For their efforts, the couple, who has now been married for nearly three years, has also been named one of The Root’s “Washington Power Couples,” and The Root’s Top 100 African American Trailblazers, and both also have been featured as one of the Advocate’s Top 40-Under-40 National LGBT Leaders.

But one of their most significant joint accomplishments to date was leading the successful fight for marriage equality in D.C. in 2009. Never having been focused on LGBT issues in their professional lives, the debate around marriage equality was heating up at the same time the couple had become engaged. They had originally planned to wed in Connecticut, but when Aisha was asked to become the president of the marriage equality campaign because of her federal policy expertise, the two jumped at the opportunity to “get up off the couch and do something.”

The main constituents in their district at that time where Black LGBT families with children who had many legal and emotional reasons for wanting to get married, but it wasn’t until after the fight was over that the two realized what the image of a Black lesbian couple at the forefront of the marriage equality fight was doing for others in the LGBT community.

Before them, “There was no one that looked like us that was talking about the importance of marriage equality. People need to see a diverse array of LGBT people, not just the affluent white male couple,” Danielle says. She recalls how their decision to share their wedding photos online through Essence Magazine—simply because, “they were pretty!”—opened up a world of new hope for young lesbians, one of whom reached out to the couple to say, "I used your pictures as a way to come out to my family so they could see that I can get married and I can be happy."

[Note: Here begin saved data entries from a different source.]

abbreviation S :: "'a set" where
  "S \<equiv> span_vertices E X"

lemma span_eq_root_paths: "S = (\<Union>x\<in>X. set (root_path x))"
proof
  show "(\<Union>x\<in>X. set (root_path x)) \<subseteq> S"
  proof
    fix w assume "w \<in> (\<Union>x\<in>X. set (root_path x))"
    then obtain x where x: "x \<in> X" "w \<in> set (root_path x)"
      by blast
    then have "w = x \<or> w = r \<or> w \<in> path_interior E x r"
      using X_subset_V is_path_root_path hd_root_path last_root_path
      unfolding path_interior_def by blast
    then show "w \<in> S"
      using x(1) root_in_X unfolding span_vertices_def by blast
  qed
next
  show "S \<subseteq> (\<Union>x\<in>X. set (root_path x))"
  proof
    fix w assume "w \<in> S"
    then consider "w \<in> X" | x x' where "x \<in> X" "x' \<in> X" "w \<in> path_interior E x x'"
      unfolding span_vertices_def by blast
    then show "w \<in> (\<Union>x\<in>X. set (root_path x))"
    proof cases
      case 1
      then show ?thesis
        using X_subset_V self_in_root_path by blast
    next
      case 2
      then obtain p where "is_path E p" "hd p = x" "last p = x'" "w \<in> set p"
        unfolding path_interior_def by blast
      then show ?thesis
        using path_subset_root_paths 2 X_subset_V by blast
    qed
  qed
qed

lemma span_root_path_closed:
  assumes "w \<in> S"
  shows "set (root_path w) \<subseteq> S"
proof -
  obtain x where x: "x \<in> X" "w \<in> set (root_path x)"
    using assms span_eq_root_paths by blast
  then obtain xs ys where split: "root_path x = xs @ w # ys"
    by (meson split_list)
  then have "set (root_path w) \<subseteq> set (root_path x)"
    using root_path_suffix X_subset_V x(1) by auto
  then show ?thesis
    using x(1) span_eq_root_paths by blast
qed

lemma span_subset_V: "S \<subseteq> V"
  using span_eq_root_paths set_root_path_subset X_subset_V by blast

lemma X_subset_Y: "X \<subseteq> Y"
  using Y_eq by blast

lemma root_in_Y: "r \<in> Y"
  using root_in_X X_subset_Y by blast

lemma Y_subset_span: "Y \<subseteq> S"
  using Y_eq span_eq_root_paths self_in_root_path X_subset_V by blast

lemma finite_Y: "finite Y"
  using Y_subset_span span_subset_V finite_V by (meson finite_subset)

lemma branch_in_Y:
  assumes t: "t \<in> S" "t \<noteq> r" and children: "a \<in> S" "b \<in> S" "a \<noteq> b" "up_edge a t" "up_edge b t"
  shows "t \<in> Y"
proof -
  have tV: "t \<in> V"
    using t(1) span_subset_V by blast
  have a: "a \<in> V" "a \<noteq> r" "t = parent a" and b: "b \<in> V" "b \<noteq> r" "t = parent b"
    using children(4,5) unfolding up_edge_def by blast+
  have "parent t \<in> set (root_path t)"
    using root_path_parent[OF tV t(2)] self_in_root_path[OF parent_in_V[OF tV t(2)]] by simp
  then have "parent t \<in> S"
    using span_root_path_closed[OF t(1)] by blast
  moreover have "parent t \<noteq> a" "parent t \<noteq> b"
    using parent_parent_neq[OF a(1,2)] parent_parent_neq[OF b(1,2)] a(3) b(3) t(2) by simp_all
  moreover have "E t a" "E t b" "E t (parent t)"
    using edge_parent[OF a(1,2)] edge_parent[OF b(1,2)] edge_parent[OF tV t(2)] a(3) b(3)
    by (simp_all add: symmetric_edges[OF tree_simple])
  ultimately have "{a, b, parent t} \<subseteq> {w \<in> S. E t w}"
    using children(1,2) by blast
  moreover have "finite {w \<in> S. E t w}"
    using span_subset_V finite_V by (auto intro: finite_subset)
  ultimately have "card {a, b, parent t} \<le> deg_in E S t"
    unfolding deg_in_def by (rule card_mono[rotated])
  then have "deg_in E S t \<ge> 3"
    using children(3) \<open>parent t \<noteq> a\<close> \<open>parent t \<noteq> b\<close> by simp
  then show ?thesis
    using Y_eq t(1) by blast
qed

lemma interior_peak_in_Y:
  assumes p: "is_path E (ps @ t # qs)" "ps \<noteq> []" "qs \<noteq> []" "hd ps \<in> S" "last qs \<in> S"
    and up: "successively up_edge (ps @ [t])" and down: "successively up_edge (rev (t # qs))"
  shows "t \<in> Y"
proof (cases "t = r")
  case True
  then show ?thesis
    using root_in_Y by simp
next
  case False
  define a b where "a = last ps" and "b = hd qs"
  have edges: "up_edge a t" "up_edge b t"
    using up down p(2,3) unfolding a_def b_def
    by (simp_all add: successively_append_iff last_rev)
  have "set (ps @ [t]) \<subseteq> set (root_path (hd ps))" "set (rev (t # qs)) \<subseteq> set (root_path (last qs))"
    using upward_path_subset[OF up] upward_path_subset[OF down] p(2-5) span_subset_V
    by (auto simp: hd_rev)
  then have "set (ps @ [t]) \<subseteq> S" "set (rev (t # qs)) \<subseteq> S"
    using span_root_path_closed p(4,5) by blast+
  then have "t \<in> S" "a \<in> S" "b \<in> S"
    using p(2,3) unfolding a_def b_def by auto
  moreover have "a \<noteq> b"
  proof -
    have "a \<in> set ps" "b \<in> set qs"
      using p(2,3) unfolding a_def b_def by simp_all
    then show ?thesis
      using p(1) by (auto simp: is_path_iff_successively)
  qed
  ultimately show ?thesis
    using branch_in_Y False edges by blast
qed

(* Meaningful for y \<noteq> r only: Y_parent r is hd [], an unspecified value. *)
definition Y_parent :: "'a \<Rightarrow> 'a" where
  "Y_parent y = hd (filter (\<lambda>z. z \<in> Y) (tl (root_path y)))"

lemma Y_parent_eqI:
  "root_path y = y # xs @ b # ys \<Longrightarrow> set xs \<inter> Y = {} \<Longrightarrow> b \<in> Y \<Longrightarrow> Y_parent y = b"
  unfolding Y_parent_def by (simp add: disjoint_iff filter_False)

lemma Y_parent_in_Y:
  assumes "y \<in> V" "y \<noteq> r"
  shows "Y_parent y \<in> Y"
proof -
  have "r \<in> set (tl (root_path y))"
    using root_path_parent[OF assms] root_in_root_path[OF parent_in_V[OF assms]] by simp
  then have "filter (\<lambda>z. z \<in> Y) (tl (root_path y)) \<noteq> []"
    using root_in_Y by (simp add: filter_empty_conv) blast
  then have "Y_parent y \<in> set (filter (\<lambda>z. z \<in> Y) (tl (root_path y)))"
    unfolding Y_parent_def by (rule hd_in_set)
  then show ?thesis
    by simp
qed

lemma upward_path_Y_parent:
  assumes up: "successively up_edge q" "q \<noteq> []" and ends: "hd q = u" "last q = v" "u \<noteq> v"
    and "u \<in> V" "v \<in> Y" and avoid: "\<forall>w\<in>set q. w \<noteq> u \<and> w \<noteq> v \<longrightarrow> w \<notin> Y"
  shows "u \<noteq> r \<and> Y_parent u = v"
proof -
  obtain rest where prefix: "root_path u = q @ rest"
    using upward_path_prefix[OF up] ends(1) \<open>u \<in> V\<close> by blast
  obtain mid where q: "q = u # mid @ [v]"
    using up(2) ends by (cases q; cases "tl q" rule: rev_cases) auto
  have "distinct (root_path u)"
    using is_path_root_path[OF \<open>u \<in> V\<close>] by (simp add: is_path_iff_successively)
  then have "set mid \<inter> Y = {}"
    using avoid prefix q by auto
  then have "Y_parent u = v"
    using prefix q \<open>v \<in> Y\<close> by (intro Y_parent_eqI[of u mid v rest]) simp_all
  moreover have "u \<noteq> r"
    using prefix q root_path_root by auto
  ultimately show ?thesis
    by blast
qed

lemma Y_parent_of_Y_free_path:
  assumes Y: "u \<in> Y" "v \<in> Y" "u \<noteq> v" and p: "is_path E p" "hd p = u" "last p = v"
    and avoid: "\<forall>w\<in>set p. w \<noteq> u \<and> w \<noteq> v \<longrightarrow> w \<notin> Y"
  shows "(u \<noteq> r \<and> Y_parent u = v) \<or> (v \<noteq> r \<and> Y_parent v = u)"
proof -
  obtain ps t qs where split: "p = ps @ t # qs"
    and up: "successively up_edge (ps @ [t])" and down: "successively up_edge (rev (t # qs))"
    using path_up_down[OF p(1)] by blast
  have uv_S: "u \<in> S" "v \<in> S" and uv_V: "u \<in> V" "v \<in> V"
    using Y Y_subset_span span_subset_V by auto
  have distinct: "distinct p"
    using p(1) by (simp add: is_path_iff_successively)
  consider "qs = []" | "ps = []" | "ps \<noteq> []" "qs \<noteq> []"
    by blast
  then show ?thesis
  proof cases
    case 1
    then show ?thesis
      using upward_path_Y_parent[of p u v] split up p Y uv_V avoid by simp
  next
    case 2
    then have "rev p = rev qs @ [u]" "qs \<noteq> []"
      using split p Y(3) by auto
    then have "v \<noteq> r \<and> Y_parent v = u"
      using upward_path_Y_parent[of "rev p" v u] split down p Y uv_V avoid
      by (simp add: hd_rev last_rev)
    then show ?thesis
      by blast
  next
    case 3
    then have "hd ps = u" "last qs = v"
      using split p(2,3) by simp_all
    then have "t \<in> Y"
      using interior_peak_in_Y[of ps t qs] p(1) split 3 up down uv_S by simp
    moreover have "t \<notin> Y"
      using avoid distinct split 3 p(2,3) by auto
    ultimately show ?thesis
      by blast
  qed
qed

lemma Y_child_through:
  assumes c: "c \<in> S" "up_edge c b" and "b \<in> Y"
  shows "\<exists>y\<in>Y - {r}. Y_parent y = b \<and> c \<in> set (root_path y)"
proof -
  obtain x where x: "x \<in> X" "c \<in> set (root_path x)"
    using c(1) span_eq_root_paths by blast
  have xV: "x \<in> V"
    using x(1) X_subset_V by blast
  have cV: "c \<in> V" "c \<noteq> r" and b: "b = parent c"
    using c(2) unfolding up_edge_def by blast+
  obtain pre post where split: "root_path x = pre @ c # post"
    using split_list[OF x(2)] by blast
  have "post = root_path b"
    using root_path_suffix[OF xV split] root_path_parent[OF cV] b by simp
  then have split': "root_path x = (pre @ [c]) @ b # tl (root_path b)"
    using split root_path_Cons[OF parent_in_V[OF cV]] b by simp
  (* y is the last vertex of Y on the root path of x up to c; x itself is a candidate. *)
  have "x \<in> set (pre @ [c])"
    using hd_root_path[OF xV] split by (cases pre) auto
  then obtain ws1 y ws2 where ws: "pre @ [c] = ws1 @ y # ws2" "y \<in> Y" "\<forall>z\<in>set ws2. z \<notin> Y"
    using x(1) X_subset_Y split_list_last_propE[of "pre @ [c]" "\<lambda>z. z \<in> Y"] by blast
  then have root_path_y: "root_path y = y # ws2 @ b # tl (root_path b)"
    using root_path_suffix[OF xV, of ws1 y] split' by simp
  have "set ws2 \<inter> Y = {}"
    using ws(3) by blast
  then have "Y_parent y = b"
    using Y_parent_eqI[OF root_path_y] \<open>b \<in> Y\<close> by blast
  moreover have "y \<noteq> r"
    using root_path_y root_path_root by auto
  moreover have "c = last (y # ws2)"
    using ws(1) by (metis last_appendR last_snoc list.distinct(1))
  then have "c \<in> set (root_path y)"
    using root_path_y by simp
  ultimately show ?thesis
    using ws(2) by blast
qed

“They're not just pictures,” Danielle has come to understand. “Images provide hope to a young lesbian girl that maybe doesn’t live in a big city. She doesn’t really know any other gay people or what it means to be gay except for all of the negative things she may see. If we can provide a bit of light in a sea of darkness and negativity, we're blessed to have the opportunity to do that.”

Though the national marriage equality campaign is far from over, Aisha says there are so many more issues facing the Black LGBT community, and has even written a report about it, called, “Jumping Beyond the Broom: Why the Black LGBT Community Needs More than Marriage Equality." She says:

“There are so many other issues that young people are having in school, that in this country you can get fired from your job for being gay or not even hired. Black men already have a hard time getting a job. Imagine being Black and gay or a transgendered woman, there are a lot of issues from a policy standpoint that we need to address.”

And Danielle and Aisha are hard at work addressing those needs. “We've made it our life's work to make sure that Black LGBT needs are at the forefront. As we're talking about the economy, we're talking about jobs, homelessness, health issues, we're talking in a way that is inclusive of the Black LGBT community which is, oftentimes, the most adversely affected by a lot of social ills.”

When the two are not in superwoman mode, they are simply best friends in love who have a mini-book club where they dissect and analyze the latest books (they’ve just finished Sheryl Sandberg’s “inspiring and so timely!" book, “Lean In”). They run marathons together, watch Super Soul Sunday and “share our hopes and our dreams, our setbacks and disappointments with each other.”

It’s in those disappointments that Danielle and Aisha’s relationship has grown the most. “We hold each other up to such high standards and there are times when you don’t feel like you’re meeting that and you don’t want to let your family down and you don’t want to let yourself down,” Danielle says. “It’s at those points that you really need a partner who gets you.”

It’s that mutual encouragement and deep understanding that sustains them, 9.5 years later. “Everything in our lives has been like a natural progression from the first conversation that we ever had,” Aisha says. We’re just about continuing that momentum.”